If a Kushner-Trump plan embraced the Arab-Palestinian minimums, Bibi would have to either reject it — exposing his real position — or jettison some of his far-right political supporters and form a new government prepared to negotiate on the U.S. terms. He could definitely do the latter — if he wanted.

“The Palestinians can’t want to lose their governing authority in the West Bank,” notes veteran Middle East negotiator Dennis Ross. “And the Trump administration and Israel can’t want a total vacuum to emerge there, because in the Middle East, all vacuums are filled by something worse.”

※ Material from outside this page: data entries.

(* There is an absolute constant $C>0$ such that the following holds. Let $n,N,m,\sigma\in\mathbb{N}$ and $\delta\in(0,1)$, and let $\vec{F}\in\mathbb{C}^{n\times n}$ be the unitary discrete Fourier matrix. For each $i\in[N]$, let $\vec{B}_i\in\mathbb{C}^{m\times n}$ be formed by sampling $m$ rows of $\vec{F}$ uniformly and independently at random, multiplying each sampled row by an independent uniformly random sign, and rescaling the rows by $m^{-1/2}$; the matrices $\vec{B}_1,\dots,\vec{B}_N$ are mutually independent. If $$m\ge C\,\sigma\,\delta^{-2}\log(n)^4\log(N),$$ then with probability at least $1-n^{-\log(n)^3}$ the collection $(\vec{B}_i)_{i\in[N]}$ is pairwise $(\delta,\sigma)$-incoherent.
   Context: $[N]=\{1,\dots,N\}$; $\langle\cdot,\cdot\rangle$ and $\|\cdot\|$ denote the Euclidean inner product and norm, and $|\vec{v}|_0$ the number of nonzero entries of $\vec{v}$. A collection of matrices $\vec{B}_i\in\mathbb{K}^{m\times n_i}$, $i\in[N]$, is pairwise $(\delta,\sigma)$-incoherent (with $\sigma=(\sigma_1,\dots,\sigma_N)$, or a single number $\sigma$ meaning $\sigma_i=\sigma$ for all $i$) if for all $i\ne j$, $$\sup\{|\langle\vec{B}_i\vec{v}_i,\vec{B}_j\vec{v}_j\rangle| : |\vec{v}_i|_0\le\sigma_i,\ |\vec{v}_j|_0\le\sigma_j,\ \|\vec{v}_i\|=\|\vec{v}_j\|=1\}\le\delta.$$ *)

theory Defs
  imports "HOL-Analysis.Analysis" "HOL-Probability.Product_PMF"
begin

text \<open>Matrices are functions nat => nat => complex with explicit dimensions;
  rows and columns are indexed from 0.  Vectors in K^d are functions nat => complex
  supported on {0..<d}.\<close>

definition vec_space :: "nat \<Rightarrow> (nat \<Rightarrow> complex) set" where
  "vec_space d = {v. \<forall>j. j \<ge> d \<longrightarrow> v j = 0}"

definition l0 :: "nat \<Rightarrow> (nat \<Rightarrow> complex) \<Rightarrow> nat" where
  "l0 d v = card {j \<in> {0..<d}. v j \<noteq> 0}"

definition cnorm :: "nat \<Rightarrow> (nat \<Rightarrow> complex) \<Rightarrow> real" where
  "cnorm d v = sqrt (\<Sum>j<d. (cmod (v j))\<^sup>2)"

definition cinner :: "nat \<Rightarrow> (nat \<Rightarrow> complex) \<Rightarrow> (nat \<Rightarrow> complex) \<Rightarrow> complex" where
  "cinner d x y = (\<Sum>k<d. x k * cnj (y k))"

definition mat_vec :: "nat \<Rightarrow> (nat \<Rightarrow> nat \<Rightarrow> complex) \<Rightarrow> (nat \<Rightarrow> complex) \<Rightarrow> (nat \<Rightarrow> complex)" where
  "mat_vec d B v = (\<lambda>k. \<Sum>j<d. B k j * v j)"

text \<open>Pairwise (delta, sigma)-incoherence of B_0,...,B_{N-1}, with B_i an m x ns i matrix.
  The supremum bound is unfolded: every admissible value is at most delta.\<close>
definition pairwise_incoherent ::
  "nat \<Rightarrow> nat \<Rightarrow> (nat \<Rightarrow> nat) \<Rightarrow> (nat \<Rightarrow> nat \<Rightarrow> nat \<Rightarrow> complex) \<Rightarrow> real \<Rightarrow> (nat \<Rightarrow> nat) \<Rightarrow> bool" where
  "pairwise_incoherent N m ns B \<delta> \<sigma> \<longleftrightarrow>
     (\<forall>i<N. \<forall>j<N. i \<noteq> j \<longrightarrow>
        (\<forall>vi \<in> vec_space (ns i). \<forall>vj \<in> vec_space (ns j).
           l0 (ns i) vi \<le> \<sigma> i \<longrightarrow> l0 (ns j) vj \<le> \<sigma> j \<longrightarrow>
           cnorm (ns i) vi = 1 \<longrightarrow> cnorm (ns j) vj = 1 \<longrightarrow>
           cmod (cinner m (mat_vec (ns i) (B i) vi) (mat_vec (ns j) (B j) vj)) \<le> \<delta>))"
lemma exists_correctable_complement:
  assumes "correctable m n a b 0 E"
  obtains P where "P \<subseteq> grid m n - E" "card P = (m - a) * (n - b)" "correctable m n a b 0 (grid m n - P)"
proof -
  obtain F0 :: "nat ring" and C1 C2 k1 k2 where F0: "field F0" "finite (carrier F0)"
    and C1: "lin_code F0 {1..m} C1" "m - a \<le> k1" "has_dim F0 C1 k1"
    and C2: "lin_code F0 {1..n} C2" "n - b \<le> k2" "has_dim F0 C2 k2"
    and det: "determined_by (tensor_code F0 C1 C2) (grid m n - E)"
    using assms by (rule correctable_0E)
  interpret F0: field F0 by (rule F0(1))
  obtain C1' where C1': "C1' \<subseteq> C1" "lin_code F0 {1..m} C1'" "has_dim F0 C1' (m - a)"
    by (rule F0.exists_subcode_of_dim[OF C1(1) _ F0(2) C1(3,2)]) simp
  obtain C2' where C2': "C2' \<subseteq> C2" "lin_code F0 {1..n} C2'" "has_dim F0 C2' (n - b)"
    by (rule F0.exists_subcode_of_dim[OF C2(1) _ F0(2) C2(3,2)]) simp
  let ?T' = "tensor_code F0 C1' C2'"
  have T': "lin_code F0 (grid m n) ?T'"
    unfolding grid_def by (rule F0.lin_code_tensor_code[OF C1'(2) C2'(2)])
  have "determined_by ?T' (grid m n - E)"
    by (rule determined_by_mono[OF det tensor_code_mono[OF C1'(1) C2'(1)] order_refl])
  \<comment> \<open>an information set of the subcode \<open>?T'\<close> is the complement of a correctable pattern\<close>
  then obtain P where P: "P \<subseteq> grid m n - E" "information_set F0 ?T' P"
    using F0.exists_information_set[OF T' finite_Diff[OF finite_grid]] by blast
  have "finite P" using P(1) finite_grid finite_subset by blast
  then have "card P = (m - a) * (n - b)"
    using F0.has_dim_iff_card_information_set[OF T' P(2) _ F0(2)]
      F0.has_dim_tensor_code[OF F0(2) _ _ C1'(2,3) C2'(2,3)] by simp
  moreover have "correctable m n a b 0 (grid m n - P)"
  proof (rule correctable_0I[OF F0 C1'(2) order_refl C1'(3) C2'(2) order_refl C2'(3)])
    have "grid m n - (grid m n - P) = P" using P(1) by blast
    then show "determined_by ?T' (grid m n - (grid m n - P))"
      using P(2) unfolding information_set_def by simp
  qed blast
  ultimately show thesis using that P(1) by blast
qed

lemma card_complement_correctable_max:
  assumes "correctable_max m n a b 0 E"
  shows "card (grid m n - E) = (m - a) * (n - b)"
proof -
  have E: "correctable m n a b 0 E" "E \<subseteq> grid m n"
    and max: "\<And>E2. E \<subset> E2 \<Longrightarrow> \<not> correctable m n a b 0 E2"
    using assms unfolding correctable_max_def correctable_def by auto
  obtain P where P: "P \<subseteq> grid m n - E" "card P = (m - a) * (n - b)" "correctable m n a b 0 (grid m n - P)"
    using exists_correctable_complement[OF E(1)] by blast
  have "P = grid m n - E"
  proof (rule ccontr)
    assume "P \<noteq> grid m n - E"
    moreover have "E \<subseteq> grid m n - P" using P(1) E(2) by blast
    moreover have "grid m n - (grid m n - E) = E" using E(2) by (simp add: double_diff)
    ultimately have "E \<subset> grid m n - P" using P(1) by auto
    then show False using max P(3) by blast
  qed
  then show ?thesis using P(2) by simp
qed

lemma MR_code_determined_by:
  assumes "MR_code R m n a b h C" "correctable m n a b 0 E" "F \<subseteq> grid m n - E" "card F = h"
  shows "determined_by C (grid m n - E - F)"
proof -
  have "grid m n - E - F = grid m n - (E \<union> F)" by blast
  then show ?thesis
    using correctable_Un_unit_checks[OF assms(2-4)] assms(1)
    unfolding MR_code_def corrects_iff_determined_by by simp
qed

theorem corollary1:
  fixes R :: "'b ring" and m n a b h k :: nat
    and E' :: "(nat \<times> nat) set" and C :: "(nat \<times> nat \<Rightarrow> 'b) set"
  assumes "field R" and "finite (carrier R)"
    and "a < m" and "b < n"
    and "h \<le> (m - a) * (n - b) - max (m - a) (n - b)"
    and "correctable_max m n a b 0 E'"
    and "MR_code R m n a b h C"
    and "has_dim R C k"
  shows "MDS_code R (grid m n - E') (restrict_code R (grid m n - E') C) (m * n - card E') k (h + 1)"
proof -
  interpret field R by fact
  let ?S = "grid m n - E'"
  have E': "correctable m n a b 0 E'" "E' \<subseteq> grid m n"
    using assms(6) unfolding correctable_max_def correctable_def by auto
  have card_S: "card ?S = (m - a) * (n - b)" by (rule card_complement_correctable_max[OF assms(6)])
  have "m - a \<le> (m - a) * (n - b)" "n - b \<le> (m - a) * (n - b)" using assms(3,4) by simp_all
  \<comment> \<open>the bound on \<open>h\<close> is only needed in this weakened form\<close>
  then have "h < (m - a) * (n - b)" using assms(3-5) by linarith
  then obtain F where "F \<subseteq> ?S" "card F = h" using obtain_subset_with_card_n[of h ?S] card_S by auto
  have C: "topo_code R m n a b h C" using assms(7) unfolding MR_code_def by blast
  have det: "\<And>F. F \<subseteq> ?S \<Longrightarrow> card F = h \<Longrightarrow> determined_by C (?S - F)"
    using MR_code_determined_by[OF assms(7) E'(1)] by blast
  have "k + h = (m - a) * (n - b)"
    using dim_topo_code_determined_by[OF assms(2) C assms(8) _ card_S \<open>F \<subseteq> ?S\<close> \<open>card F = h\<close>]
      det[OF \<open>F \<subseteq> ?S\<close> \<open>card F = h\<close>] finite_grid by blast
  then have "MDS_code R ?S (restrict_code R ?S C) (card ?S) k (h + 1)"
    using MDS_code_restrict_code[OF lin_code_topo_code[OF C] assms(2) _ assms(8) _ _ det] finite_grid card_S
      \<open>h < (m - a) * (n - b)\<close> by simp
  moreover have "card ?S = m * n - card E'"
    using card_Diff_subset[OF finite_subset[OF E'(2) finite_grid] E'(2)] by (simp add: grid_def)
  ultimately show ?thesis by simp
qed

end
text \<open>Along a move (R, (a,b,c), R'), every s \<in> R waits exactly b - s(c), and the
  resulting successor lies in the closure of R' (in R' itself for moves of the
  first kind, on its boundary for the other two kinds).\<close>

lemma move_successor:
  fixes TA :: "('l, 'c::finite, 'a) timed_automaton"
  assumes "(R, (a, b, c), R') \<in> moves k TA Lmin" "s \<in> R"
  shows "snd s c \<le> b" "succ_alpha TA s (a, b, c) \<in> rclosure R'"
proof -
  from assms(1) have R: "R \<in> regions k" "R' \<in> regions k" and kinds:
    "(\<exists>R''\<in>regions k. reach_bc k TA R b c R'' \<and> region_action TA R'' a R')
    \<or> (\<exists>R''\<in>regions k. \<exists>R'''\<in>regions k.
          reach_bc k TA R b c R'' \<and> time_succ k TA R'' R''' \<and> region_action TA R''' a R')
    \<or> (\<exists>R''\<in>regions k. \<exists>R'''\<in>regions k.
          reach_bc k TA R b c R'' \<and> time_succ k TA R''' R'' \<and> region_action TA R''' a R')"
    unfolding moves_def by blast+
  then obtain R'' where R'': "R'' \<in> regions k" "reach_bc k TA R b c R''" by blast
  show le: "snd s c \<le> b" using reach_bc_clock_le[OF R''(2) R(1) R''(1) assms(2)] .
  define p where "p = shift s (real b - snd s c)"
  have succ_p: "succ_alpha TA s (a, b, c) = (delta TA (fst p) a, reset (snd p) (rho TA a))"
    unfolding succ_alpha_def succ_def tdelay_def p_def using le by simp
  have p_in: "p \<in> R2" if "reach_bc k TA R b c R2" for R2
    using that assms(2) unfolding reach_bc_def p_def by blast
  from kinds show "succ_alpha TA s (a, b, c) \<in> rclosure R'"
  proof (elim disjE bexE conjE)
    fix R2 assume "R2 \<in> regions k" "reach_bc k TA R b c R2" "region_action TA R2 a R'"
    moreover have "R' \<subseteq> rclosure R'" unfolding rclosure_def using closure_subset by fastforce
    ultimately show ?thesis unfolding succ_p using region_action_reset[of TA R2 a R' k p] p_in R by auto
  next
    fix R2 R3 assume h: "R2 \<in> regions k" "R3 \<in> regions k" "reach_bc k TA R b c R2"
      "time_succ k TA R2 R3" "region_action TA R3 a R'"
    have "thin k R2" using h(3) by (simp add: reach_bc_def)
    then obtain x t where x: "x \<in> R2" "t > 0" "\<forall>u. 0 < u \<and> u \<le> t \<longrightarrow> shift x (1 * u) \<in> R3"
      using time_succ_from_thin[OF h(4) _ h(1,2)] by blast
    show ?thesis unfolding succ_p
      by (rule action_near_region_in_rclosure[OF h(1,2) R(2) h(5) p_in[OF h(3)] x(1,2) _ x(3)]) simp
  next
    fix R2 R3 assume h: "R2 \<in> regions k" "R3 \<in> regions k" "reach_bc k TA R b c R2"
      "time_succ k TA R3 R2" "region_action TA R3 a R'"
    have "thin k R2" using h(3) by (simp add: reach_bc_def)
    then obtain x t where x: "x \<in> R2" "t > 0" "\<forall>u. 0 < u \<and> u \<le> t \<longrightarrow> shift x (- 1 * u) \<in> R3"
      using time_succ_into_thin[OF h(4) _ h(1,2)] by blast
    show ?thesis unfolding succ_p
      by (rule action_near_region_in_rclosure[OF h(1,2) R(2) h(5) p_in[OF h(3)] x(1,2) _ x(3)]) simp
  qed
qed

An agreement by the Palestinians and America’s Arab allies on their minimum foundations for negotiations, adds Ross, gives Palestinians cover to come back to the table and puts pressure on the Trump team to deliver a credible plan or be exposed as not being serious. And “it gives Israel a partner and some fateful choices to make.”

Say what you will about Anwar Sadat and Menachem Begin and Jimmy Carter 40 years ago, but they came to a point at Camp David where there were only hard choices — and they made them, and they made the right ones.

We’re again at a fateful moment. For the Palestinians, it’s choose nihilism or pacifism. For Israel, it’s choose separation from the Palestinians or get bi-nationalism or apartheid. For Jared and Donald, it’s either be serious — and be ready to take a tough stance with all parties, including Israel — or stay home.

Making progress toward peace requires telling everyone the truth, twisting everyone’s arms and not letting any party drive drunk. Not ready for that? Then stick to building condos and golf courses.

Thomas Friedman is a columnist for The New York Times.